→ Assignment
Your answer should be the lines below from the one with "using g_cont that" to the one with "by (intro continuous_at_imp_continuous_on)", both included, given again exactly and with nothing added.

═════ Recorded data ═════

text \<open>For a unit vector \<open>w\<close> the score \<open>inner_f w x\<close> of class \<open>y\<close> is \<open>N(y \<eta> \<Sigma>w, 1)\<close>, and an
  \<open>\<infinity>\<close>-adversary with budget \<open>\<epsilon>\<close> moves it by exactly \<open>\<epsilon> \<parallel>w\<parallel>\<^sub>1\<close> against the label. Hence both
  the natural and the robust error are, up to the factor \<open>1/2\<close>,
  \<open>\<Phi>(-s - b) + \<Phi>(-s + b)\<close> for a ``margin'' \<open>s\<close> and an ``offset'' \<open>b\<close>: for the natural error
  \<open>s = \<eta> \<Sigma>w\<close>, for the robust one \<open>s = \<eta> \<Sigma>w - (\<epsilon>\<^sub>+ + \<epsilon>\<^sub>-)/2 \<parallel>w\<parallel>\<^sub>1\<close> and \<open>b\<close> is shifted by
  \<open>(\<epsilon>\<^sub>+ - \<epsilon>\<^sub>-)/2 \<parallel>w\<parallel>\<^sub>1\<close>. This function strictly decreases in \<open>s\<close> and, for \<open>s > 0\<close>, strictly
  increases in \<open>|b|\<close>; since \<open>\<Sigma>w \<le> \<parallel>w\<parallel>\<^sub>1 \<le> \<surd>d\<close>, both minimisers are \<open>w = (1,\<dots>,1)/\<surd>d\<close>
  with effective offset \<open>0\<close>. So \<open>b\<^sub>n\<^sub>a\<^sub>t = 0\<close> but \<open>b\<^sub>r\<^sub>o\<^sub>b = (\<epsilon>\<^sub>+ - \<epsilon>\<^sub>-) \<surd>d / 2 > 0\<close>: the robust
  boundary is pushed towards class \<open>-1\<close>, trading errors on class \<open>-1\<close> for errors on \<open>+1\<close>.\<close>

lemma measure_density_lborel_eq_set_integral:
  fixes f :: "real \<Rightarrow> real"
  assumes "f \<in> borel_measurable borel" "\<And>x. 0 \<le> f x" "finite_measure (density lborel f)"
    and "A \<in> sets borel"
  shows "measure (density lborel f) A = (LBINT t:A. f t)"
proof -
  interpret finite_measure "density lborel f" by fact
  have "measure (density lborel f) A = integral\<^sup>L (density lborel f) (indicator A)"
    using assms(4) by simp
  also have "\<dots> = (LINT t|lborel. f t *\<^sub>R indicator A t)"
    using assms by (intro integral_density) auto
  finally show ?thesis
    by (simp add: set_lebesgue_integral_def mult.commute)
qed

lemma cdf_density_diff:
  fixes f :: "real \<Rightarrow> real"
  assumes "f \<in> borel_measurable borel" "\<And>x. 0 \<le> f x" "finite_measure (density lborel f)"
  shows "cdf (density lborel f) b - cdf (density lborel f) a = (LBINT t=a..b. f t)"
proof -
  interpret finite_borel_measure "density lborel f"
    using assms(3) by (simp add: finite_borel_measure_def finite_borel_measure_axioms_def)
  consider "a < b" | "a = b" | "b < a" by linarith
  then show ?thesis
  proof cases
    case 1
    then show ?thesis
      using assms by (simp add: cdf_diff_eq measure_density_lborel_eq_set_integral interval_integral_Ioc)
  next
    case 3
    then have "cdf (density lborel f) a - cdf (density lborel f) b = (LBINT t=b..a. f t)"
      using assms by (simp add: cdf_diff_eq measure_density_lborel_eq_set_integral interval_integral_Ioc)
    then show ?thesis
      by (simp add: interval_integral_endpoints_reverse[of a b])
  qed simp
qed
lemma Re_cinner_self: "Re (cinner x x) = (norm x)\<^sup>2"
  using norm_eq_sqrt_cinner[of x] cinner_nonneg[of x] by simp

lemma norm_scaleC: "norm (scaleC c x) = cmod c * norm x"
proof -
  have "cinner (scaleC c x) (scaleC c x) = cnj c * c * cinner x x"
    by (simp add: cinner_scaleC_left cinner_scaleC_right mult.assoc)
  also have "cnj c * c = complex_of_real ((cmod c)\<^sup>2)"
    by (metis complex_norm_square mult.commute of_real_power)
  finally have "cinner (scaleC c x) (scaleC c x) = complex_of_real ((cmod c)\<^sup>2) * cinner x x" .
  from arg_cong[OF this, of Re] have "(norm (scaleC c x))\<^sup>2 = (cmod c * norm x)\<^sup>2"
    by (simp add: Re_cinner_self power_mult_distrib)
  then show ?thesis
    by (simp add: power2_eq_iff_nonneg)
qed

lemma cinner_ext: "(\<And>y. cinner y a = cinner y b) \<Longrightarrow> a = b"
  using cinner_eq_zero_iff[of "a - b"] by (simp add: cinner_diff_right)

lemma norm_diff_scaleC_sq:
  "(norm (u - scaleC t v))\<^sup>2 = (norm u)\<^sup>2 - 2 * Re (cnj t * cinner v u) + (cmod t)\<^sup>2 * (norm v)\<^sup>2"
proof -
  have "cinner (u - scaleC t v) (u - scaleC t v)
      = cinner u u - (t * cnj (cinner v u) + cnj t * cinner v u) + cnj t * t * cinner v v"
    by (simp add: cinner_diff_left cinner_diff_right cinner_scaleC_left cinner_scaleC_right
        cinner_commute[of u v] algebra_simps)
  also have "cnj t * t = complex_of_real ((cmod t)\<^sup>2)"
    by (metis complex_norm_square mult.commute of_real_power)
  finally have "cinner (u - scaleC t v) (u - scaleC t v)
      = cinner u u - (t * cnj (cinner v u) + cnj t * cinner v u)
        + complex_of_real ((cmod t)\<^sup>2) * cinner v v" .
  from arg_cong[OF this, of Re] show ?thesis
    by (simp add: Re_cinner_self)
qed

lemma norm_diff_projection_sq:
  assumes "v \<noteq> 0"
  shows "(norm (u - scaleC (cinner v u / complex_of_real ((norm v)\<^sup>2)) v))\<^sup>2
           = (norm u)\<^sup>2 - (cmod (cinner v u))\<^sup>2 / (norm v)\<^sup>2"
proof -
  define p where "p = cinner v u"
  have nv: "norm v \<noteq> 0" using assms by simp
  have re: "cnj (p / complex_of_real ((norm v)\<^sup>2)) * p = complex_of_real ((cmod p)\<^sup>2 / (norm v)\<^sup>2)"
    by (simp add: complex_mult_cnj cmod_power2 mult.commute)
  have sq: "(cmod (p / complex_of_real ((norm v)\<^sup>2)))\<^sup>2 * (norm v)\<^sup>2 = (cmod p)\<^sup>2 / (norm v)\<^sup>2"
    using nv by (simp add: norm_divide power_divide norm_power field_simps)
  show ?thesis
    unfolding norm_diff_scaleC_sq p_def[symmetric] re sq Re_complex_of_real by simp
qed
(* Let $R''\subseteq R\subseteq S_n$ be the top-$k$ partial rankings $R: a_1\succ\cdots\succ a_l\succ[n]\setminus\{a_1,\dots,a_l\}$ and $R'': a_1\succ\cdots\succ a_l\succ a_{l+1}\succ\cdots\succ a_m\succ[n]\setminus\{a_1,\dots,a_m\}$ with $l\le m$. Then for every $\sigma\in R$, $$d(\sigma,\Pi_{R''}(\sigma))=\big((n-l)-(m-l)\big)(m-l)+\binom{m-l}2-d\big(A_R(\sigma),\Pi_{R''}(A_R(\sigma))\big).$$
   Context: $S_n$ is the symmetric group on $[n]$; $\sigma\in S_n$ is identified with the full ranking $\sigma(1)\succ\cdots\succ\sigma(n)$. For distinct items $x,y$, $\{x,y\}$ is discordant for $\sigma,\tau$ if $(\sigma^{-1}(x)-\sigma^{-1}(y))(\tau^{-1}(x)-\tau^{-1}(y))<0$. The Kendall distance $d(\sigma,\tau)$ is the number of unordered discordant pairs. For $0\le k\le n$ and distinct $c_1,\dots,c_k\in[n]$, the top-$k$ partial ranking $Q$: $c_1\succ\cdots\succ c_k\succ[n]\setminus\{c_1,\dots,c_k\}$ is the set $\{\sigma\in S_n:\sigma(i)=c_i,\ i\le k\}$; its antithetic operator $A_Q:Q\to Q$ is $A_Q(\sigma)(i)=c_i$ for $i\le k$ and $A_Q(\sigma)(k+j)=\sigma(n+1-j)$ for $j=1,\dots,n-k$. For $\tau\in S_n$, $\Pi_Q(\tau)$ denotes the unique element of $Q$ minimising $\rho\mapsto d(\rho,\tau)$ over $\rho\in Q$. *)

theory Defs
  imports "HOL-Combinatorics.Permutations"
begin
lemma event_times_periodic:
  assumes S: "sync_schedule n m f g" and t: "t \<in> event_times n m f g"
  shows "t + 1 \<in> event_times n m f g"
proof -
  obtain q where q: "phase f g t = of_int q * pi / 2" using event_time_quarter[OF S t] .
  have "phase f g (t + 1) = of_int (q + 4 * g (1,1)) * pi / 2"
    unfolding phase_shift q by (simp add: algebra_simps)
  then have "matching_at n m f g (t + 1) = grid_matching n m (q + 4 * g (1,1))"
    by (rule matching_at_quarter)
  also have "\<dots> = matching_at n m f g t"
    unfolding grid_matching_periodic matching_at_quarter[OF q] ..
  finally have "matching_at n m f g (t + 1) = matching_at n m f g t" .
  then show ?thesis using t event_times_iff[OF S] by simp
qed

lemma cInf_lattice_attained:
  fixes X :: "real set"
  assumes x0: "x0 \<in> X" and lb: "\<And>x. x \<in> X \<Longrightarrow> lb \<le> x" and d: "d > 0"
    and lattice: "\<And>x. x \<in> X \<Longrightarrow> \<exists>z::int. x = b + of_int z * d"
  shows "Inf X \<in> X"
proof -
  define Y where "Y = {x \<in> X. x \<le> x0}"
  have "Y \<subseteq> (\<lambda>z::int. b + of_int z * d) ` {\<lfloor>(lb - b) / d\<rfloor> .. \<lceil>(x0 - b) / d\<rceil>}"
  proof
    fix x assume "x \<in> Y"
    then have x: "x \<in> X" "x \<le> x0" unfolding Y_def by auto
    obtain z :: int where z: "x = b + of_int z * d" using lattice[OF x(1)] by blast
    have "(lb - b) / d \<le> of_int z" "of_int z \<le> (x0 - b) / d"
      using lb[OF x(1)] x(2) d unfolding z by (simp_all add: field_simps)
    then show "x \<in> (\<lambda>z::int. b + of_int z * d) ` {\<lfloor>(lb - b) / d\<rfloor> .. \<lceil>(x0 - b) / d\<rceil>}"
      unfolding z by (intro imageI) (simp add: floor_le_iff le_ceiling_iff)
  qed
  then have Y: "finite Y" by (rule finite_subset) simp
  have x0Y: "x0 \<in> Y" using x0 unfolding Y_def by simp
  have minY: "Min Y \<in> X" "Min Y \<le> x0" using Min_in[OF Y] Min_le[OF Y x0Y] x0Y unfolding Y_def by auto
  have "Min Y \<le> x" if "x \<in> X" for x
  proof (cases "x \<le> x0")
    case True then show ?thesis using Min_le[OF Y] that unfolding Y_def by simp
  qed (use minY in simp)
  then have "Inf X = Min Y" using minY(1) by (intro cInf_eq_minimum)
  then show ?thesis using minY(1) by simp
qed

lemma event_times_bdd_below: "bdd_below (event_times n m f g)"
  unfolding event_times_def by (intro bdd_belowI[of _ 0]) simp

lemma next_event:
  assumes S: "sync_schedule n m f g" and e: "e \<in> event_times n m f g" and t: "t \<in> event_times n m f g"
  shows "Inf {x \<in> event_times n m f g. t < x} \<in> event_times n m f g \<and>
         t < Inf {x \<in> event_times n m f g. t < x}"
proof -
  have "Inf {x \<in> event_times n m f g. t < x} \<in> {x \<in> event_times n m f g. t < x}"
    using event_times_periodic[OF S t] event_times_lattice[OF S e]
    by (intro cInf_lattice_attained[of "t + 1" _ t "1 / 4" e]) auto
  then show ?thesis by simp
qed

text \<open>The hypothesis that some event e exists is needed: on the 1 x 1 grid there are no events and
  ev is the infimum of the empty set.\<close>

lemma ev_in_event_times:
  assumes S: "sync_schedule n m f g" and e: "e \<in> event_times n m f g"
  shows "ev n m f g k \<in> event_times n m f g"
proof (induction k)
  case 0
  have "Inf (event_times n m f g) \<in> event_times n m f g"
    using e event_times_lattice[OF S e] unfolding event_times_def
    by (intro cInf_lattice_attained[of e _ 0 "1 / 4" e]) auto
  then show ?case by simp
qed (use next_event[OF S e] in simp)
lemma integral_substitution_phi_inv:
  fixes f :: "real \<Rightarrow> real" and a \<sigma> :: real
  defines "J \<equiv> \<lambda>t. a * phi_inv \<sigma> t / (\<sigma> * cosh (arsinh (t / (2 * \<sigma>))))"
  assumes "a > 0" and "\<sigma> > 0"
    and f_cont: "continuous_on {0<..} f" and f_nonneg: "\<And>x. x > 0 \<Longrightarrow> f x \<ge> 0"
    and integrable: "integrable lborel (\<lambda>t. f (a * phi_inv \<sigma> t) * J t)"
  shows "set_integrable lborel {0<..} f"
    and "(LBINT x:{0<..}. f x) = (\<integral>t. f (a * phi_inv \<sigma> t) * J t \<partial>lborel)"
proof -
  define G where "G t = a * phi_inv \<sigma> t" for t
  have G_pos: "G t > 0" for t
    using assms phi_inv_pos by (simp add: G_def)
  have deriv: "DERIV G t :> J t" for t
    unfolding G_def[abs_def] J_def
    using DERIV_cmult[OF phi_inv_has_real_derivative[OF assms(3)], of a t]
    by (simp only: times_divide_eq_right)
  have f_cont_G: "isCont f (G t)" for t
    using f_cont G_pos[of t] by (simp add: continuous_on_eq_continuous_at)
  have J_cont: "isCont J t" for t
    unfolding J_def using assms(3) isCont_phi_inv[OF assms(3)]
    by (intro continuous_intros) (auto simp: less_imp_neq[OF cosh_real_pos, symmetric])
  have J_nonneg: "0 \<le> J t" for t
    unfolding J_def using assms phi_inv_pos[OF assms(3), of t] by simp
  have lim_bot: "((ereal \<circ> G \<circ> real_of_ereal) \<longlongrightarrow> ereal 0) (at_right (- \<infinity>))"
  proof -
    have "(G \<longlongrightarrow> a * 0) at_bot"
      unfolding G_def[abs_def] by (intro tendsto_intros phi_inv_at_bot[OF assms(3)])
    then show ?thesis
      unfolding ereal_tendsto_simps by simp
  qed
  have lim_top: "((ereal \<circ> G \<circ> real_of_ereal) \<longlongrightarrow> \<infinity>) (at_left \<infinity>)"
  proof -
    have "filterlim G at_top at_top"
      unfolding G_def[abs_def]
      by (rule filterlim_tendsto_pos_mult_at_top[OF tendsto_const assms(2) phi_inv_at_top[OF assms(3)]])
    then show ?thesis
      unfolding ereal_tendsto_simps by simp
  qed
  have "set_integrable lborel (einterval (- \<infinity>) \<infinity>) (\<lambda>t. f (G t) * J t)"
    unfolding set_integrable_def using integrable by (simp add: G_def)
  note substitution = interval_integral_substitution_nonneg[OF _ deriv f_cont_G J_cont
      f_nonneg[OF G_pos] J_nonneg lim_bot lim_top this]
  show "set_integrable lborel {0<..} f"
    using substitution(1) by simp
  have "(LBINT x:{0<..}. f x) = (LBINT t=-\<infinity>..\<infinity>. f (G t) * J t)"
    using substitution(2) by (simp add: interval_integral_Ioi)
  then show "(LBINT x:{0<..}. f x) = (\<integral>t. f (a * phi_inv \<sigma> t) * J t \<partial>lborel)"
    by (simp add: interval_lebesgue_integral_def set_lebesgue_integral_def G_def)
qed

lemma ig_integral_msh_substitution:
  fixes \<gamma> \<delta> :: real and g :: "real \<Rightarrow> real"
  defines "\<sigma> \<equiv> sqrt (\<gamma> * \<delta>)"
  assumes "\<gamma> > 0" and "\<delta> > 0"
    and g_cont: "continuous_on {0<..} g" and g_nonneg: "\<And>x. x > 0 \<Longrightarrow> g x \<ge> 0"
    and integrable: "integrable lborel
      (\<lambda>t. g (\<delta> / \<gamma> * phi_inv \<sigma> t) * (2 * std_normal_density t / (1 + phi_inv \<sigma> t)))"
  shows "set_integrable lborel {0<..} (\<lambda>x. g x * ig_density \<gamma> \<delta> x)"
    and "(LBINT x:{0<..}. g x * ig_density \<gamma> \<delta> x)
       = (\<integral>t. g (\<delta> / \<gamma> * phi_inv \<sigma> t) * (2 * std_normal_density t / (1 + phi_inv \<sigma> t)) \<partial>lborel)"
proof -
  have \<sigma>: "\<sigma> > 0" and a: "\<delta> / \<gamma> > 0"
    using assms by (simp_all add: \<sigma>_def)
  have jacobian: "g (\<delta> / \<gamma> * phi_inv \<sigma> t) * ig_density \<gamma> \<delta> (\<delta> / \<gamma> * phi_inv \<sigma> t)
        * (\<delta> / \<gamma> * phi_inv \<sigma> t / (\<sigma> * cosh (arsinh (t / (2 * \<sigma>)))))
      = g (\<delta> / \<gamma> * phi_inv \<sigma> t) * (2 * std_normal_density t / (1 + phi_inv \<sigma> t))" for t
    using ig_density_msh_jacobian[OF assms(2,3), of t] unfolding \<sigma>_def[symmetric]
    by (simp only: mult.assoc)
  have "isCont (\<lambda>x. g x * ig_density \<gamma> \<delta> x) x" if "x > 0" for x
    using g_cont that isCont_ig_density[OF that]
    by (intro continuous_intros) (simp_all add: continuous_on_eq_continuous_at)
  then have "continuous_on {0<..} (\<lambda>x. g x * ig_density \<gamma> \<delta> x)"
    by (intro continuous_at_imp_continuous_on) simp
  note substitution = integral_substitution_phi_inv[OF a \<sigma> this _ , unfolded jacobian, OF _ integrable]
  show "set_integrable lborel {0<..} (\<lambda>x. g x * ig_density \<gamma> \<delta> x)"
    using substitution(1) g_nonneg ig_density_nonneg assms(3) by simp
  show "(LBINT x:{0<..}. g x * ig_density \<gamma> \<delta> x)
       = (\<integral>t. g (\<delta> / \<gamma> * phi_inv \<sigma> t) * (2 * std_normal_density t / (1 + phi_inv \<sigma> t)) \<partial>lborel)"
    using substitution(2) g_nonneg ig_density_nonneg assms(3) by simp
qed

lemma ig_moment_gauss_hermite:
  fixes \<gamma> \<delta> :: real and n :: nat and z h :: "nat \<Rightarrow> real" and j :: int
  defines "\<sigma> \<equiv> sqrt (\<gamma> * \<delta>)"
  assumes "\<gamma> > 0" and "\<delta> > 0" and gh: "gauss_hermite n z h"
    and "1 - int n \<le> j" and "j \<le> int n"
  shows "set_integrable lborel {0<..} (\<lambda>x. x powr j * ig_density \<gamma> \<delta> x)"
    and "(LBINT x:{0<..}. x powr j * ig_density \<gamma> \<delta> x)
       = (\<Sum>k<n. (\<delta> / \<gamma> * phi_inv \<sigma> (z k)) powr j * (2 * h k / (1 + phi_inv \<sigma> (z k))))"
proof -
  have \<sigma>: "\<sigma> > 0"
    using assms by (simp add: \<sigma>_def)
  have node_power: "(\<delta> / \<gamma> * phi_inv \<sigma> t) powr j * (2 * c / (1 + phi_inv \<sigma> t))
      = 2 * (\<delta> / \<gamma>) powr j * (msh_integrand \<sigma> j t * c)" for t c
    using powr_mult[of "\<delta> / \<gamma>" "phi_inv \<sigma> t" j] assms(2,3) phi_inv_pos[OF \<sigma>, of t]
    by (simp add: msh_integrand_def)
  obtain q where "degree q \<le> 2 * n - 1"
    and "\<And>t. msh_integrand \<sigma> j t + msh_integrand \<sigma> j (- t) = poly q t"
    using msh_integrand_even_part[OF \<sigma> assms(5,6)] by blast
  note exact = gauss_hermite_exact_even_part[OF gh borel_measurable_msh_integrand[OF \<sigma>]
      msh_integrand_nonneg[OF \<sigma>] this]
  have "integrable lborel
      (\<lambda>t. (\<delta> / \<gamma> * phi_inv \<sigma> t) powr j * (2 * std_normal_density t / (1 + phi_inv \<sigma> t)))"
    unfolding node_power using exact(1) by simp
  moreover have "continuous_on {0<..} (\<lambda>x::real. x powr j)"
    by (intro continuous_intros) auto
  ultimately have substitution: "set_integrable lborel {0<..} (\<lambda>x. x powr j * ig_density \<gamma> \<delta> x)"
    "(LBINT x:{0<..}. x powr j * ig_density \<gamma> \<delta> x) = (\<integral>t. (\<delta> / \<gamma> * phi_inv \<sigma> t) powr j
        * (2 * std_normal_density t / (1 + phi_inv \<sigma> t)) \<partial>lborel)"
    using ig_integral_msh_substitution[OF assms(2,3)] unfolding \<sigma>_def by auto
  then show "set_integrable lborel {0<..} (\<lambda>x. x powr j * ig_density \<gamma> \<delta> x)"
    by simp
  have "(\<integral>t. (\<delta> / \<gamma> * phi_inv \<sigma> t) powr j * (2 * std_normal_density t / (1 + phi_inv \<sigma> t)) \<partial>lborel)
      = 2 * (\<delta> / \<gamma>) powr j * (\<Sum>k<n. h k * msh_integrand \<sigma> j (z k))"
    unfolding node_power exact(2) by simp
  also have "\<dots> = (\<Sum>k<n. (\<delta> / \<gamma> * phi_inv \<sigma> (z k)) powr j * (2 * h k / (1 + phi_inv \<sigma> (z k))))"
    unfolding node_power sum_distrib_left by (simp add: mult_ac)
  finally show "(LBINT x:{0<..}. x powr j * ig_density \<gamma> \<delta> x)
       = (\<Sum>k<n. (\<delta> / \<gamma> * phi_inv \<sigma> (z k)) powr j * (2 * h k / (1 + phi_inv \<sigma> (z k))))"
    using substitution(2) by simp
qed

═════

→ Task result
    using g_cont that isCont_ig_density[OF that]
    by (intro continuous_intros) (simp_all add: continuous_on_eq_continuous_at)
  then have "continuous_on {0<..} (\<lambda>x. g x * ig_density \<gamma> \<delta> x)"
    by (intro continuous_at_imp_continuous_on) simp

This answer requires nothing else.